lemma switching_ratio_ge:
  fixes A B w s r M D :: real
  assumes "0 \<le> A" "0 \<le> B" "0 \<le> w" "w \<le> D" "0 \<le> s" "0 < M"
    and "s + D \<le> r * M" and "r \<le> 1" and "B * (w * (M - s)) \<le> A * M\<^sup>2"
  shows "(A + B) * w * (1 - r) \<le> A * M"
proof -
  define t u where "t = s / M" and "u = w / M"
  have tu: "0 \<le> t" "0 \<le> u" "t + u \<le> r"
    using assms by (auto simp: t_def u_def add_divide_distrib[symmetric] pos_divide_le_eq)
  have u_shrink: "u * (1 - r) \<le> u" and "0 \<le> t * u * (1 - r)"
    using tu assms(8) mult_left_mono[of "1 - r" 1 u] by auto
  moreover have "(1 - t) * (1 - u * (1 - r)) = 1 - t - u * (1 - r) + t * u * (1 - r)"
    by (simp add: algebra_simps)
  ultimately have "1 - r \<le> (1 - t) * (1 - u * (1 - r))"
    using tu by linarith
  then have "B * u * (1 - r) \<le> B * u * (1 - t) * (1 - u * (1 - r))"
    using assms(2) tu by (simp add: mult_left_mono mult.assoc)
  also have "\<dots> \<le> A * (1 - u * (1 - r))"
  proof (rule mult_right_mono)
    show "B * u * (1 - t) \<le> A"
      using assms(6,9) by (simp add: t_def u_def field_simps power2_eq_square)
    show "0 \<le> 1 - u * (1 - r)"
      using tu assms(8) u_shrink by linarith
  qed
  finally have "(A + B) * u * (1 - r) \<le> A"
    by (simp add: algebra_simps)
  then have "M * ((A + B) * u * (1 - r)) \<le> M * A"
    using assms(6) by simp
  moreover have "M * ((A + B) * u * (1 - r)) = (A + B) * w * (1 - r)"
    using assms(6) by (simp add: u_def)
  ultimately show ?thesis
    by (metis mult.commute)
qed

────

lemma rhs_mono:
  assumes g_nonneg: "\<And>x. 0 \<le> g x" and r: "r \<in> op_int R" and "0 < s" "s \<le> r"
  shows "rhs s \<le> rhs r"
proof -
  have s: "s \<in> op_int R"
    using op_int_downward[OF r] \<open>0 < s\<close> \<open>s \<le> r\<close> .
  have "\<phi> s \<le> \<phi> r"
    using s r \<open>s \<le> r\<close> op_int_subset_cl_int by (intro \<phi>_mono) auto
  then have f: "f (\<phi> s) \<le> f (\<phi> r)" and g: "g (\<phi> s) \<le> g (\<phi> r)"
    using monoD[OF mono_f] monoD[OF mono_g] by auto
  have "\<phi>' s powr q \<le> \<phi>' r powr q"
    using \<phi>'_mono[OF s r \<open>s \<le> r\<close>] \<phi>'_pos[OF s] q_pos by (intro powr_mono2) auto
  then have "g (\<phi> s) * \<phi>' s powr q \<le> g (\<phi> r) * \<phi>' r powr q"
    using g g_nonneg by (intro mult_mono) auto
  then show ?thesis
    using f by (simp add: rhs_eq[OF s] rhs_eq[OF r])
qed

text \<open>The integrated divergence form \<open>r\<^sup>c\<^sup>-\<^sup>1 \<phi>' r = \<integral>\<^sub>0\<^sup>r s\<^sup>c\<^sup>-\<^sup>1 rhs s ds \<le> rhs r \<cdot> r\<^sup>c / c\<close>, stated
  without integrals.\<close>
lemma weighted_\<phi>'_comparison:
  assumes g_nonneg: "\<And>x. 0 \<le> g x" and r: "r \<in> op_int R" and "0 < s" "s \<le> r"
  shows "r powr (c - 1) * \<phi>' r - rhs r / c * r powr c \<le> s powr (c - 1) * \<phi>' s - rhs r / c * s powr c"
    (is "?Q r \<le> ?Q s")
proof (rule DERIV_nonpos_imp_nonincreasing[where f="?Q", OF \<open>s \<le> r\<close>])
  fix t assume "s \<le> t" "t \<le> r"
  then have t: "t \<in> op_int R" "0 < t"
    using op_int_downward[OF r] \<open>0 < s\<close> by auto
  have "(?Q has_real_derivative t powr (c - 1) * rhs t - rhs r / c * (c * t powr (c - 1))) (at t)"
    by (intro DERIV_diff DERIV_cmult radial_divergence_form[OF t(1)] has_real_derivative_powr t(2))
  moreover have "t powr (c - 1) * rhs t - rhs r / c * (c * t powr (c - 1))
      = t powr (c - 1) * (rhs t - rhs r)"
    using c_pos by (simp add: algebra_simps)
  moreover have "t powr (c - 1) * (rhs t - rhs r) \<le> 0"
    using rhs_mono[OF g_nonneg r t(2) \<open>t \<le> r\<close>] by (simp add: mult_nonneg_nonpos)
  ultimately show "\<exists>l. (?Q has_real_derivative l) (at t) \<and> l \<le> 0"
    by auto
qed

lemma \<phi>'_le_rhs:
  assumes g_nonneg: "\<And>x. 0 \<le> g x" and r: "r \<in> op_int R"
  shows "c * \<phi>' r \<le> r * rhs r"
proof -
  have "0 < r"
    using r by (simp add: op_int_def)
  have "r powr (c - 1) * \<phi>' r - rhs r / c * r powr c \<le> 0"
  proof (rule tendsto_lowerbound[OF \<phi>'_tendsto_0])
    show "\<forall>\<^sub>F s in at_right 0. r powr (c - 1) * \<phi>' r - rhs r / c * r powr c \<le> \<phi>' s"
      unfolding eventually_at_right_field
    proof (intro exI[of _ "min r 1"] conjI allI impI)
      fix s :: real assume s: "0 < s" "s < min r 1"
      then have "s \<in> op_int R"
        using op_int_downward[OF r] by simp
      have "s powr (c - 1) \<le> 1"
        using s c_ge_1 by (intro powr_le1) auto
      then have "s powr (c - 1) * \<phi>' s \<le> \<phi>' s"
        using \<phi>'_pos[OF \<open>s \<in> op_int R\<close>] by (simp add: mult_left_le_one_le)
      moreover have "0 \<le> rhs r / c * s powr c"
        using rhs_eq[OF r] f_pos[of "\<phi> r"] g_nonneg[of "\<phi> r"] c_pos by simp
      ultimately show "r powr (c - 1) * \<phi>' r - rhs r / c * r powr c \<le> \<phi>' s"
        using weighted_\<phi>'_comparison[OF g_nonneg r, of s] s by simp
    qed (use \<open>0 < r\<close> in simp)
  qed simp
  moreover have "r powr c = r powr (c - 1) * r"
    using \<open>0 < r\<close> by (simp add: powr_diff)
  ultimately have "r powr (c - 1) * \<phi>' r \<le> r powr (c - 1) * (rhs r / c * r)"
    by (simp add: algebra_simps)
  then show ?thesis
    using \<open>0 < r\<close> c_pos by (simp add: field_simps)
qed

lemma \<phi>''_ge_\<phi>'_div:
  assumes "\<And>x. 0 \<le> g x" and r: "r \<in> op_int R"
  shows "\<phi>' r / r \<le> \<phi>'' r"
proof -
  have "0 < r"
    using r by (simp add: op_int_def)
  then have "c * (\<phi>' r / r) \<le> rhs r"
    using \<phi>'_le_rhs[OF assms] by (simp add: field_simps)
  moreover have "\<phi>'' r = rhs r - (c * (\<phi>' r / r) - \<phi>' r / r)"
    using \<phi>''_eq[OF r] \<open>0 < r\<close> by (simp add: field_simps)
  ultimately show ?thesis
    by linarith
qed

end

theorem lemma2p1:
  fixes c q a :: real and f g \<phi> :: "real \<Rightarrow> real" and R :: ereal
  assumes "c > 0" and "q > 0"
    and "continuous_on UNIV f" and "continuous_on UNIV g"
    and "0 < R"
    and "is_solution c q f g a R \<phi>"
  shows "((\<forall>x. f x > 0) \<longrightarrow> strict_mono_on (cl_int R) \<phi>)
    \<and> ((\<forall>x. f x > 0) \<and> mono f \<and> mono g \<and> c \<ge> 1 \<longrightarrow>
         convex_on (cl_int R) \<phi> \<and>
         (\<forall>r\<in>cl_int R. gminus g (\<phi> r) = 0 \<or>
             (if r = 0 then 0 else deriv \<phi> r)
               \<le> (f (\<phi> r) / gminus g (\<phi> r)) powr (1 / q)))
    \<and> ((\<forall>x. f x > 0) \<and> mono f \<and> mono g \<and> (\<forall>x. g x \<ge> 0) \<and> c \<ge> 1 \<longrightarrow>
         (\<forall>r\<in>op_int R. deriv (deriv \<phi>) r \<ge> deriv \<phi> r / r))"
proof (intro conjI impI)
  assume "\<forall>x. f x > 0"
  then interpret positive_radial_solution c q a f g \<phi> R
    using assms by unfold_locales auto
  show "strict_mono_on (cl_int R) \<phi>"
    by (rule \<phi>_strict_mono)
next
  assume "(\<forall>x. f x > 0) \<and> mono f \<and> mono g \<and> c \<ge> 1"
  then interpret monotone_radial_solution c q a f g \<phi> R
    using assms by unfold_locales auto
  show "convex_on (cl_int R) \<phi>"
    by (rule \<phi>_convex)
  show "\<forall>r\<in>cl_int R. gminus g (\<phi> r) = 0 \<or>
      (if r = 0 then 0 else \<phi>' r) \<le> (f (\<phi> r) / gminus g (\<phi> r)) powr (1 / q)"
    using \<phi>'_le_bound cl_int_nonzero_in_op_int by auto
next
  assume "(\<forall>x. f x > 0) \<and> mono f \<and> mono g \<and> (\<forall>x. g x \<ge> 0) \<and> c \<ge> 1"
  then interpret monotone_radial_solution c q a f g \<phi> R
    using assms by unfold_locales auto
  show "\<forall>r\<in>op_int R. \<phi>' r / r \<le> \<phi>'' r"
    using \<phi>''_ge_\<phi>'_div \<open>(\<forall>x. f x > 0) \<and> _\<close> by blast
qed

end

────

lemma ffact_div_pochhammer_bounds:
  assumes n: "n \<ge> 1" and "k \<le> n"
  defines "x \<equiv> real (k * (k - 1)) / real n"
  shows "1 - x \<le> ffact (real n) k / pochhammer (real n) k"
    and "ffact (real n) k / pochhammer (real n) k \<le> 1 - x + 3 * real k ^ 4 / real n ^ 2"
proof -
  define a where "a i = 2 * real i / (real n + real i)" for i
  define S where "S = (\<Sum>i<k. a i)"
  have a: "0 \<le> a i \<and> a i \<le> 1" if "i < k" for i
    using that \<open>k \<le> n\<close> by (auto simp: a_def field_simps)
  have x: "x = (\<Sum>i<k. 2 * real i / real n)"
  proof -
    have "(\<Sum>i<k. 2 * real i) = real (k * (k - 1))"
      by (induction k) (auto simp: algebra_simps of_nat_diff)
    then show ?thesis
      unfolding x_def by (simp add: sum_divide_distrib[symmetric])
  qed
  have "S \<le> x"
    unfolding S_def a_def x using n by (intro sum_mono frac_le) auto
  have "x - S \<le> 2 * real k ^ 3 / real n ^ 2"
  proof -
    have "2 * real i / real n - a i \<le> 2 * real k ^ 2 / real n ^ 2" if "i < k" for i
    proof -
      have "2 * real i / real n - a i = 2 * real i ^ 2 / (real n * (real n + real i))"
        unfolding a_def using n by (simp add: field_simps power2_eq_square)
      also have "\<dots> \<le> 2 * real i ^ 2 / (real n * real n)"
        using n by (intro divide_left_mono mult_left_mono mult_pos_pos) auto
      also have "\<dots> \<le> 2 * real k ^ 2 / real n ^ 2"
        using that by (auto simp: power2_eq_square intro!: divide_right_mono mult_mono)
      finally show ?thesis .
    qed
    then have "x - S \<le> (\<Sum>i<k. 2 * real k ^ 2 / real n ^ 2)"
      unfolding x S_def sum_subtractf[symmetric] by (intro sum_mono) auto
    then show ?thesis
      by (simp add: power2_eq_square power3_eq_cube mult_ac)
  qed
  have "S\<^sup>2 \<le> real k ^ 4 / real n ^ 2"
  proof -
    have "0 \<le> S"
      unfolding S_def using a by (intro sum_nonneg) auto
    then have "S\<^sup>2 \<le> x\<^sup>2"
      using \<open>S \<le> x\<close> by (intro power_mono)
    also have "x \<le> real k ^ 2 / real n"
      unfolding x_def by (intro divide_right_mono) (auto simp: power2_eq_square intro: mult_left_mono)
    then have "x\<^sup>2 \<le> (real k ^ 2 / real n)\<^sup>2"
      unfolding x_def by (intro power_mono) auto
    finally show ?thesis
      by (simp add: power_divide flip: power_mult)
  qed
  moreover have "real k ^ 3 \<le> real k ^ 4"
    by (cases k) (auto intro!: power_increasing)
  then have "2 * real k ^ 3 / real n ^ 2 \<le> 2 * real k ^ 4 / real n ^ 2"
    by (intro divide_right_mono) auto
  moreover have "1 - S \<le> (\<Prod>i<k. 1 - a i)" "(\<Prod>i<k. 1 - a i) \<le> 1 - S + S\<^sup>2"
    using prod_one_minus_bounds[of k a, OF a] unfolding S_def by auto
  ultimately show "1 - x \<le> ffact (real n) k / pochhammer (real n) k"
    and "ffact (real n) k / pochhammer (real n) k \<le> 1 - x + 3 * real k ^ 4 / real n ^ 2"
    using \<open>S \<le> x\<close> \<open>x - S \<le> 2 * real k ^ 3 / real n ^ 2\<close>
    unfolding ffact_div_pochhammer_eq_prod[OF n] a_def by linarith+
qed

────

Problem to work on
Referring to the material above, set down exactly the lines between the line with "(\<forall>r\<in>op_int R. deriv" and the line with "using \<phi>'_le_bound cl_int_nonzero_in_op_int", inclusive, and no other lines.

Result for this exercise
         (\<forall>r\<in>op_int R. deriv (deriv \<phi>) r \<ge> deriv \<phi> r / r))"
proof (intro conjI impI)
  assume "\<forall>x. f x > 0"
  then interpret positive_radial_solution c q a f g \<phi> R
    using assms by unfold_locales auto
  show "strict_mono_on (cl_int R) \<phi>"
    by (rule \<phi>_strict_mono)
next
  assume "(\<forall>x. f x > 0) \<and> mono f \<and> mono g \<and> c \<ge> 1"
  then interpret monotone_radial_solution c q a f g \<phi> R
    using assms by unfold_locales auto
  show "convex_on (cl_int R) \<phi>"
    by (rule \<phi>_convex)
  show "\<forall>r\<in>cl_int R. gminus g (\<phi> r) = 0 \<or>
      (if r = 0 then 0 else \<phi>' r) \<le> (f (\<phi> r) / gminus g (\<phi> r)) powr (1 / q)"
    using \<phi>'_le_bound cl_int_nonzero_in_op_int by auto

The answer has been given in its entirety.